TASK TO CARRY OUT: Give back exactly the lines spanning from the one containing "B), hence a" to the final line of the records below, and no others.

DATASET RECORDS:
(* Let $\mathcal{A}$ and $\mathcal{B}$ be Boolean algebras. Then the Fremlin (Archimedean Riesz space) tensor product $\mathcal{C}(\mathcal{A})\bar{\otimes}\mathcal{C}(\mathcal{B})$ is Riesz isomorphic to $\mathcal{C}(\mathcal{A}\otimes\mathcal{B})$, where $\mathcal{A}\otimes\mathcal{B}$ denotes the free product of $\mathcal{A}$ and $\mathcal{B}$.
   Context: Place functions: for a Riesz space $E$ and $e\in E^+$, $x\in E^+$ is a component of $e$ if $x\wedge(e-x)=0$; the set $\mathcal{C}(e)$ of components is a Boolean algebra. For a Boolean algebra $\mathcal{A}$ there is an Archimedean Riesz space $E$ with strong unit $e$ and a Boolean isomorphism $\chi\colon\mathcal{A}\to\mathcal{C}(e)$ such that $E$ is the linear span of $\mathcal{C}(e)$; this is unique up to isomorphism and $E$ is denoted $\mathcal{C}(\mathcal{A})$ (Carathéodory space of place functions). Free product: if $Z_1,Z_2$ are the Stone spaces of $\mathcal{A},\mathcal{B}$ (nonzero ring homomorphisms to $\mathbb{Z}_2$, with $a\mapsto\hat a=\{z: z(a)=1\}$ the Stone representation), then $\mathcal{A}\otimes\mathcal{B}$ is the Boolean algebra of clopen subsets of $Z_1\times Z_2$ (product topology), with canonical Boolean homomorphisms $\epsilon_A(a)=\hat a\times Z_2$, $\epsilon_B(b)=Z_1\times\hat b$. Fremlin tensor product: for Archimedean Riesz spaces $E,F$, $E\bar{\otimes}F$ is the Archimedean Riesz space $G$ together with a Riesz bimorphism $\otimes\colon E\times F\to G$ such that for every Archimedean Riesz space $H$ and Riesz bimorphism $\psi\colon E\times F\to H$ there is a unique Riesz homomorphism $T\colon G\to H$ with $T\circ\otimes=\psi$. *)

theory Defs
  imports "HOL-Analysis.Analysis"
begin

class riesz_space = ordered_real_vector + lattice

class archimedean_riesz_space = riesz_space +
  assumes archimedean: "0 \<le> x \<Longrightarrow> (\<And>n::nat. real n *\<^sub>R x \<le> y) \<Longrightarrow> x = 0"

definition strong_unit :: "'a::riesz_space \<Rightarrow> bool" where
  "strong_unit e \<longleftrightarrow> 0 \<le> e \<and> (\<forall>x. \<exists>c::real. sup x (- x) \<le> c *\<^sub>R e)"

definition components :: "'a::riesz_space \<Rightarrow> 'a set" where
  "components e = {x. 0 \<le> x \<and> inf x (e - x) = 0}"

definition riesz_hom :: "('a::riesz_space \<Rightarrow> 'b::riesz_space) \<Rightarrow> bool" where
  "riesz_hom T \<longleftrightarrow> linear T \<and> (\<forall>x y. T (sup x y) = sup (T x) (T y))
                  \<and> (\<forall>x y. T (inf x y) = inf (T x) (T y))"

definition riesz_iso :: "('a::riesz_space \<Rightarrow> 'b::riesz_space) \<Rightarrow> bool" where
  "riesz_iso T \<longleftrightarrow> riesz_hom T \<and> bij T"

definition riesz_bimorphism ::
    "('a::riesz_space \<Rightarrow> 'b::riesz_space \<Rightarrow> 'c::riesz_space) \<Rightarrow> bool" where
  "riesz_bimorphism \<psi> \<longleftrightarrow> (\<forall>x. linear (\<psi> x)) \<and> (\<forall>y. linear (\<lambda>x. \<psi> x y))
     \<and> (\<forall>x. 0 \<le> x \<longrightarrow> riesz_hom (\<psi> x)) \<and> (\<forall>y. 0 \<le> y \<longrightarrow> riesz_hom (\<lambda>x. \<psi> x y))"

text \<open>The universal property of the Fremlin tensor product (G, tp) of E and F, tested against
  all Archimedean Riesz spaces H whose carrier is the type 'h.\<close>
definition fremlin_universal ::
    "'h::archimedean_riesz_space itself \<Rightarrow>
     ('e::archimedean_riesz_space \<Rightarrow> 'f::archimedean_riesz_space \<Rightarrow> 'g::archimedean_riesz_space)
     \<Rightarrow> bool" where
  "fremlin_universal (_::'h itself) tp \<longleftrightarrow>
     (\<forall>\<psi> :: 'e \<Rightarrow> 'f \<Rightarrow> 'h. riesz_bimorphism \<psi> \<longrightarrow>
        (\<exists>!T :: 'g \<Rightarrow> 'h. riesz_hom T \<and> (\<forall>x y. T (tp x y) = \<psi> x y)))"

definition bool_iso ::
    "'b set \<Rightarrow> ('b \<Rightarrow> 'b \<Rightarrow> 'b) \<Rightarrow> ('b \<Rightarrow> 'b \<Rightarrow> 'b) \<Rightarrow> ('b \<Rightarrow> 'b) \<Rightarrow> 'b \<Rightarrow> 'b \<Rightarrow>
     'c set \<Rightarrow> ('c \<Rightarrow> 'c \<Rightarrow> 'c) \<Rightarrow> ('c \<Rightarrow> 'c \<Rightarrow> 'c) \<Rightarrow> ('c \<Rightarrow> 'c) \<Rightarrow> 'c \<Rightarrow> 'c \<Rightarrow>
     ('b \<Rightarrow> 'c) \<Rightarrow> bool" where
  "bool_iso A jA mA cA zA oA C jC mC cC zC oC chi \<longleftrightarrow>
     bij_betw chi A C
     \<and> (\<forall>a\<in>A. \<forall>b\<in>A. chi (jA a b) = jC (chi a) (chi b) \<and> chi (mA a b) = mC (chi a) (chi b))
     \<and> (\<forall>a\<in>A. chi (cA a) = cC (chi a)) \<and> chi zA = zC \<and> chi oA = oC"

text \<open>The Archimedean Riesz space of type 'e is (a copy of) the Caratheodory space C(A) of place
  functions of the Boolean algebra A = (carrier, join, meet, complement, 0, 1): it has a strong unit e
  and a Boolean isomorphism from A onto the components C(e), and it is the linear span of C(e).\<close>
definition is_caratheodory_space ::
    "'e::archimedean_riesz_space itself \<Rightarrow>
     'b set \<Rightarrow> ('b \<Rightarrow> 'b \<Rightarrow> 'b) \<Rightarrow> ('b \<Rightarrow> 'b \<Rightarrow> 'b) \<Rightarrow> ('b \<Rightarrow> 'b) \<Rightarrow> 'b \<Rightarrow> 'b \<Rightarrow> bool" where
  "is_caratheodory_space (_::'e itself) A jA mA cA zA oA \<longleftrightarrow>
     (\<exists>(e::'e) chi. strong_unit e
        \<and> bool_iso A jA mA cA zA oA (components e) sup inf (\<lambda>x. e - x) 0 e chi
        \<and> span (components e) = UNIV)"

abbreviation is_caratheodory_space_of_type ::
    "'e::archimedean_riesz_space itself \<Rightarrow> 'a::boolean_algebra itself \<Rightarrow> bool" where
  "is_caratheodory_space_of_type E (_::'a itself) \<equiv>
     is_caratheodory_space E (UNIV::'a set) sup inf uminus bot top"

text \<open>Stone space: nonzero ring homomorphisms to Z_2 (ring product = meet,
  ring sum = symmetric difference; Z_2 represented by bool with sum = xor, product = and).\<close>
definition stone_space :: "('a::boolean_algebra \<Rightarrow> bool) set" where
  "stone_space = {z. (\<forall>a b. z (inf a b) = (z a \<and> z b))
                    \<and> (\<forall>a b. z (sup (inf a (- b)) (inf (- a) b)) = (z a \<noteq> z b))
                    \<and> (\<exists>a. z a)}"

definition stone_hat :: "'a::boolean_algebra \<Rightarrow> ('a \<Rightarrow> bool) set" where
  "stone_hat a = {z \<in> stone_space. z a}"

definition stone_topology :: "('a::boolean_algebra \<Rightarrow> bool) topology" where
  "stone_topology = subtopology (topology_generated_by (range stone_hat)) stone_space"

definition free_prod_topology ::
    "('a::boolean_algebra itself) \<Rightarrow> ('b::boolean_algebra itself) \<Rightarrow>
     (('a \<Rightarrow> bool) \<times> ('b \<Rightarrow> bool)) topology" where
  "free_prod_topology _ _ = prod_topology stone_topology stone_topology"

definition free_product ::
    "('a::boolean_algebra itself) \<Rightarrow> ('b::boolean_algebra itself) \<Rightarrow>
     (('a \<Rightarrow> bool) \<times> ('b \<Rightarrow> bool)) set set" where
  "free_product A B = {S. openin (free_prod_topology A B) S \<and> closedin (free_prod_topology A B) S}"

definition is_caratheodory_space_of_free_product ::
    "'h::archimedean_riesz_space itself \<Rightarrow> 'a::boolean_algebra itself \<Rightarrow> 'b::boolean_algebra itself \<Rightarrow> bool" where
  "is_caratheodory_space_of_free_product H A B \<longleftrightarrow>
     is_caratheodory_space H (free_product A B) (\<union>) (\<inter>)
       (\<lambda>S. topspace (free_prod_topology A B) - S) {} (topspace (free_prod_topology A B))"

end

theory Submission
  imports Defs "HOL-Library.Lattice_Algebras"
begin

text \<open>The space C(A) is spanned by the components \<chi> a, and finitely many of them are
  combinations of the pairwise disjoint components \<chi> c of the atoms c of the finite subalgebra
  they generate. Hence a finitely additive map on A that respects disjointness extends to a Riesz
  homomorphism on C(A), and a map on rectangles a \<times> b with these properties in each variable
  extends to a Riesz bimorphism on C(A) \<times> C(B). Every clopen subset of Z_1 \<times> Z_2 is a finite
  union of clopen rectangles (compactness, via the prime ideal theorem), so the place functions
  \<chi>(hat a \<times> hat b) span C(A \<otimes> B). They define a Riesz bimorphism \<phi> into C(A \<otimes> B), hence a
  Riesz homomorphism T on the Fremlin tensor product with T (x \<otimes> y) = \<phi> x y; conversely the
  tensors \<chi> a \<otimes> \<chi> b define a Riesz homomorphism S with S (\<chi>(hat a \<times> hat b)) = \<chi> a \<otimes> \<chi> b.
  S \<circ> T fixes every x \<otimes> y, so it is the identity by the uniqueness in the universal property,
  and T \<circ> S fixes the spanning rectangles.\<close>

section \<open>Riesz spaces\<close>

instance riesz_space \<subseteq> lattice_ab_group_add ..

definition riesz_abs :: "'a::riesz_space \<Rightarrow> 'a" where
  "riesz_abs x = sup x (- x)"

SOLUTION TO THE EXERCISE:
  \<chi>(hat a \<times> hat b) span C(A \<otimes> B). They define a Riesz bimorphism \<phi> into C(A \<otimes> B), hence a
  Riesz homomorphism T on the Fremlin tensor product with T (x \<otimes> y) = \<phi> x y; conversely the
  tensors \<chi> a \<otimes> \<chi> b define a Riesz homomorphism S with S (\<chi>(hat a \<times> hat b)) = \<chi> a \<otimes> \<chi> b.
  S \<circ> T fixes every x \<otimes> y, so it is the identity by the uniqueness in the universal property,
  and T \<circ> S fixes the spanning rectangles.\<close>

section \<open>Riesz spaces\<close>

instance riesz_space \<subseteq> lattice_ab_group_add ..

definition riesz_abs :: "'a::riesz_space \<Rightarrow> 'a" where
  "riesz_abs x = sup x (- x)"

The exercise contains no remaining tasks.